lemma A1_dissection:
  fixes x y z w :: "'a::idom fps"
  assumes ints: "int_coeffs x" "int_coeffs y" "int_coeffs z" "int_coeffs w"
    and rel: "w^2 = (1 + 2 * z) * (x - z)"
  shows "fps_cong 64 (A1 (y + w) x y) (A2 x y z + w * B2 x y z)"
  by (rule fps_congI[where h = "
      - z - z^2 + 3 * z^3 + 3 * z^4 - 2 * y * z + 10 * y * z^3 + 10 * y * z^4 + y^2
      - 5 * y^2 * z - 9 * y^2 * z^2 - 5 * y^3 * z - 10 * y^3 * z^2 + x - x * z - 7 * x * z^2
      - 4 * x * z^3 + 2 * x * z^4 + 2 * x * y - 4 * x * y * z - 23 * x * y * z^2
      - 20 * x * y * z^3 + 5 * x * y^2 + 6 * x * y^2 * z - 6 * x * y^2 * z^2 + 5 * x * y^3
      + 10 * x * y^3 * z + x^2 + 3 * x^2 * z - x^2 * z^2 - 4 * x^2 * z^3 + 4 * x^2 * y
      + 13 * x^2 * y * z + 10 * x^2 * y * z^2 + 3 * x^2 * y^2 + 6 * x^2 * y^2 * z + x^3
      + 2 * x^3 * z + 2 * x^3 * z^2 - w * z + 2 * w * z^3 + 2 * w * z^4 + 2 * w * y
      - 3 * w * y * z - 6 * w * y * z^2 + w * y^2 - 5 * w * y^2 * z - 10 * w * y^2 * z^2
      + 3 * w * y^3 + 2 * w * y^4 + w * x - w * x * z - 5 * w * x * z^2 - 4 * w * x * z^3
      + 4 * w * x * y + 4 * w * x * y * z - 4 * w * x * y * z^2 + 6 * w * x * y^2
      + 10 * w * x * y^2 * z + 2 * w * x * y^3 + w * x^2 + 3 * w * x^2 * z + 2 * w * x^2 * z^2
      + 2 * w * x^2 * y + 4 * w * x^2 * y * z"])
    (use rel in \<open>unfold A1_def A2_def B2_def of_int_numeral, algebra\<close>,
      intro int_coeffs_intros ints)

lemma A2_dissection:
  fixes x y z w :: "'a::idom fps"
  assumes ints: "int_coeffs x" "int_coeffs y" "int_coeffs z" "int_coeffs w"
    and rel: "w^2 = (1 + 2 * z) * (x - z)"
  shows "fps_cong 64 (A2 (y + w) x y) (A2 x y z + w * B3 x y z)"
  by (rule fps_congI[where h = "
      - z - z^2 + 3 * z^3 + 3 * z^4 - 2 * y * z + 10 * y * z^3 + 10 * y * z^4 + y^2
      - 5 * y^2 * z - 9 * y^2 * z^2 - 5 * y^3 * z - 10 * y^3 * z^2 + x - x * z - 7 * x * z^2
      - 4 * x * z^3 + 2 * x * z^4 + 2 * x * y - 4 * x * y * z - 23 * x * y * z^2
      - 20 * x * y * z^3 + 5 * x * y^2 + 6 * x * y^2 * z - 6 * x * y^2 * z^2 + 5 * x * y^3
      + 10 * x * y^3 * z + x^2 + 3 * x^2 * z - x^2 * z^2 - 4 * x^2 * z^3 + 4 * x^2 * y
      + 13 * x^2 * y * z + 10 * x^2 * y * z^2 + 3 * x^2 * y^2 + 6 * x^2 * y^2 * z + x^3
      + 2 * x^3 * z + 2 * x^3 * z^2 - w * z + 2 * w * z^3 + 2 * w * z^4 + 2 * w * y
      - 3 * w * y * z - 6 * w * y * z^2 + w * y^2 - 5 * w * y^2 * z - 10 * w * y^2 * z^2
      + 3 * w * y^3 + 2 * w * y^4 + w * x - w * x * z - 5 * w * x * z^2 - 4 * w * x * z^3
      + 4 * w * x * y + 4 * w * x * y * z - 4 * w * x * y * z^2 + 6 * w * x * y^2
      + 10 * w * x * y^2 * z + 2 * w * x * y^3 + w * x^2 + 3 * w * x^2 * z + 2 * w * x^2 * z^2
      + 2 * w * x^2 * y + 4 * w * x^2 * y * z"])
    (use rel in \<open>unfold A2_def B3_def of_int_numeral, algebra\<close>,
      intro int_coeffs_intros ints)

lemma int_coeffs_squares:
  shows "int_coeffs S2" "int_coeffs S4" "int_coeffs S8" "int_coeffs Sodd"
  by (simp_all add: S2_def S4_def S8_def S_def Sodd_def squares_gf_def int_coeffs_weight_gf
      int_coeffs_compose_X2)

lemma phi_neg_product_nth_0: "((phi_neg * (phi_neg oo fps_X ^ 2)) ^ 3) $ 0 = 1"
proof -
  have "phi_neg $ 0 = 1"
    by (simp add: phi_neg_def squares_gf_nth_0)
  then show ?thesis
    by (simp add: fps_nth_power_0)
qed

lemma int_coeffs_btbar_gf: "int_coeffs btbar_gf"
proof -
  have "int_coeffs ((phi_neg * (phi_neg oo fps_X ^ 2)) ^ 3)"
    unfolding phi_neg_compose_X2 unfolding phi_neg_eq by (intro int_coeffs_intros int_coeffs_squares)
  then show ?thesis
    unfolding btbar_gf_eq using phi_neg_product_nth_0 by (rule int_coeffs_inverse)
qed

lemma btbar_gf_cong_A0: "fps_cong 64 btbar_gf (A0 S2 S4 S8 + Sodd * B0 S2 S4 S8)"
proof -
  define u where "u = (1 + 2 * (S4 - Sodd)) * (1 + 2 * (2 * S8 - S2))"
  define v where "v = inv_cube_mod64 (S4 - Sodd) * inv_cube_mod64 (2 * S8 - S2)"
  have ints: "int_coeffs (S4 - Sodd)" "int_coeffs (2 * S8 - S2)"
    by (intro int_coeffs_intros int_coeffs_squares)+
  have "u = phi_neg * (phi_neg oo fps_X ^ 2)"
    unfolding phi_neg_compose_X2 unfolding phi_neg_eq u_def by (simp add: algebra_simps)
  then have "btbar_gf * u ^ 3 = 1"
    unfolding btbar_gf_eq using phi_neg_product_nth_0 by (simp add: inverse_mult_eq_1)
  moreover have "fps_cong 64 (u ^ 3 * v) 1"
  proof -
    have "u ^ 3 * v = ((1 + 2 * (S4 - Sodd)) ^ 3 * inv_cube_mod64 (S4 - Sodd))
        * ((1 + 2 * (2 * S8 - S2)) ^ 3 * inv_cube_mod64 (2 * S8 - S2))"
      by (simp add: u_def v_def power_mult_distrib ac_simps)
    moreover have "int_coeffs ((1 + 2 * (S4 - Sodd)) ^ 3 * inv_cube_mod64 (S4 - Sodd))"
      unfolding inv_cube_mod64_def by (intro int_coeffs_intros int_coeffs_squares)
    then have "fps_cong 64 (((1 + 2 * (S4 - Sodd)) ^ 3 * inv_cube_mod64 (S4 - Sodd))
        * ((1 + 2 * (2 * S8 - S2)) ^ 3 * inv_cube_mod64 (2 * S8 - S2))) (1 * 1)"
      by (rule fps_cong_mult[OF inv_cube_mod64_cong[OF ints(1)] inv_cube_mod64_cong[OF ints(2)] _ int_coeffs_1])
    ultimately show ?thesis
      by simp
  qed
  ultimately have "fps_cong 64 btbar_gf v"
    using int_coeffs_btbar_gf by (rule fps_cong_inverse)
  moreover have "fps_cong 64 v (A0 S2 S4 S8 + Sodd * B0 S2 S4 S8)"
    unfolding v_def by (rule inv_cube_mod64_dissection[OF int_coeffs_squares Sodd_square])
  ultimately show ?thesis
    by (rule fps_cong_trans)
qed

lemma U2_dissection_step:
  assumes f: "fps_cong 64 f (P S2 S4 S8 + Sodd * Q S2 S4 S8)"
    and P: "\<And>x y z. P x y z oo fps_X ^ 2 = P (x oo fps_X ^ 2) (y oo fps_X ^ 2) (z oo fps_X ^ 2)"
    and Q: "\<And>x y z. Q x y z oo fps_X ^ 2 = Q (x oo fps_X ^ 2) (y oo fps_X ^ 2) (z oo fps_X ^ 2)"
    and step: "fps_cong 64 (P (S4 + Sodd) S2 S4) (P' S2 S4 S8 + Sodd * Q' S2 S4 S8)"
  shows "fps_cong 64 (U2 f) (P' S2 S4 S8 + Sodd * Q' S2 S4 S8)"
proof -
  have "P S2 S4 S8 + Sodd * Q S2 S4 S8 = (P S S2 S4 oo fps_X ^ 2) + (Q S S2 S4 oo fps_X ^ 2) * Sodd"
    by (simp add: P Q S2_def S4_def S8_def mult.commute)
  then have "U2 (P S2 S4 S8 + Sodd * Q S2 S4 S8) = P (S4 + Sodd) S2 S4"
    by (simp add: U2_add U2_compose_X2 U2_compose_X2_mult U2_Sodd flip: S_eq)
  then have "fps_cong 64 (U2 f) (P (S4 + Sodd) S2 S4)"
    using fps_cong_U2[OF f] by simp
  then show ?thesis
    using step by (rule fps_cong_trans)
qed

WORK INSTRUCTIONS
Transcribe only the lines from the beginning of the entries to the line with "64 (A1 (y +", inclusive, exactly as written.

PROBLEM SOLUTION
lemma A1_dissection:
  fixes x y z w :: "'a::idom fps"
  assumes ints: "int_coeffs x" "int_coeffs y" "int_coeffs z" "int_coeffs w"
    and rel: "w^2 = (1 + 2 * z) * (x - z)"
  shows "fps_cong 64 (A1 (y + w) x y) (A2 x y z + w * B2 x y z)"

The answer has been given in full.